Supplied material: Begin

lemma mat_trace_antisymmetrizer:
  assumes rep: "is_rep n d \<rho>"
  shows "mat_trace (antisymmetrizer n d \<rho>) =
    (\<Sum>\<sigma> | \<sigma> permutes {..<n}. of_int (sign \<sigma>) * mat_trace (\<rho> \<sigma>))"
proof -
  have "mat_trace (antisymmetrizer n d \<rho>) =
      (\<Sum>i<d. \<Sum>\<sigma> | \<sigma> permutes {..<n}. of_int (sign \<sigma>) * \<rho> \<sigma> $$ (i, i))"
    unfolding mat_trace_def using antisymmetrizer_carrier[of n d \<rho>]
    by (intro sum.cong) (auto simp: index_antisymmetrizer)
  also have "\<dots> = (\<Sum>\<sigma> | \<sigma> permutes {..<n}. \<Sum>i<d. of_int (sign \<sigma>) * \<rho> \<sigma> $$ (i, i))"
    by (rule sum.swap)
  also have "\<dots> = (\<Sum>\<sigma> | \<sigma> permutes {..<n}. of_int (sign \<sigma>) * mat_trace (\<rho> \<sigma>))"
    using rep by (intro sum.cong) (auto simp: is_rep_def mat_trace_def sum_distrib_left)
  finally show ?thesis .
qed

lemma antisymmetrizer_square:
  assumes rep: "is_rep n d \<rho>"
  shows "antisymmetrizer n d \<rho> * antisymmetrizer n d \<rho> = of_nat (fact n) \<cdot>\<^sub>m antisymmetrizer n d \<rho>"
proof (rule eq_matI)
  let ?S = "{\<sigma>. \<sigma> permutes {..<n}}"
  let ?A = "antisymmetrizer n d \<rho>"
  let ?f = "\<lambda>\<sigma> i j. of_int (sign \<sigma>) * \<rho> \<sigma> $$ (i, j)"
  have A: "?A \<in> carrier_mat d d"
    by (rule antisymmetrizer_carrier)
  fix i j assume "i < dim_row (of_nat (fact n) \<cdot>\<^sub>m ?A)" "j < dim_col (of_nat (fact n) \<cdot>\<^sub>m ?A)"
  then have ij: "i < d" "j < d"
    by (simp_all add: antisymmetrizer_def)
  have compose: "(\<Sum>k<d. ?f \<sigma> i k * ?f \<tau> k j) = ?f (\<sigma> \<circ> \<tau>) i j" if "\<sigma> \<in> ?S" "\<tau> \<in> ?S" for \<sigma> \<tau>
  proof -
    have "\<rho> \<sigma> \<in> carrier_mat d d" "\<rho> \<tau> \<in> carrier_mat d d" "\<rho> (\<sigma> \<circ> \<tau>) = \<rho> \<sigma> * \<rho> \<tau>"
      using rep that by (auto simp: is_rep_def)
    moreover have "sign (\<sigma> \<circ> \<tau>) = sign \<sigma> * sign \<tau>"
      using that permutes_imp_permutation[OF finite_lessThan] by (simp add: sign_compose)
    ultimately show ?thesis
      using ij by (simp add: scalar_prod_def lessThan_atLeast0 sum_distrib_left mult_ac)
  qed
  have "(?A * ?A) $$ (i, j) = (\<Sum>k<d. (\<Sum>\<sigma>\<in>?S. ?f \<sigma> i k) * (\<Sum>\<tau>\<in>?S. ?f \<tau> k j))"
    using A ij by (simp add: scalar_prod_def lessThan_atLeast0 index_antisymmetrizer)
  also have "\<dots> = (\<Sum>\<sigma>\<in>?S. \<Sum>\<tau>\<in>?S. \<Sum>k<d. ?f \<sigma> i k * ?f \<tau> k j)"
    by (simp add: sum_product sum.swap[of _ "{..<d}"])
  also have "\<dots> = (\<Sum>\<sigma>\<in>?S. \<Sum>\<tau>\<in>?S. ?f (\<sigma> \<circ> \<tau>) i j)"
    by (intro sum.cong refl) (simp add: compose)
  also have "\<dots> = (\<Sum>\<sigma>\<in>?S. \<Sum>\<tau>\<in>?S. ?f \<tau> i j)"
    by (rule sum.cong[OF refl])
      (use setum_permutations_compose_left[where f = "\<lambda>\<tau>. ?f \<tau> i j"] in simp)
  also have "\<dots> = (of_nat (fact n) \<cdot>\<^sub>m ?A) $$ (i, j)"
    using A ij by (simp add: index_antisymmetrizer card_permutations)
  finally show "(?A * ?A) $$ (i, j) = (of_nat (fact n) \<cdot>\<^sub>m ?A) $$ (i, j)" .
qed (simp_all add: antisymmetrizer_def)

Supplied material: End

Copy out only the lines of the records above from the one with "using that permutes_imp_permutation[OF" through the one with "j) = (\<Sum>k<d.", exactly as they stand, both included.

      using that permutes_imp_permutation[OF finite_lessThan] by (simp add: sign_compose)
    ultimately show ?thesis
      using ij by (simp add: scalar_prod_def lessThan_atLeast0 sum_distrib_left mult_ac)
  qed
  have "(?A * ?A) $$ (i, j) = (\<Sum>k<d. (\<Sum>\<sigma>\<in>?S. ?f \<sigma> i k) * (\<Sum>\<tau>\<in>?S. ?f \<tau> k j))"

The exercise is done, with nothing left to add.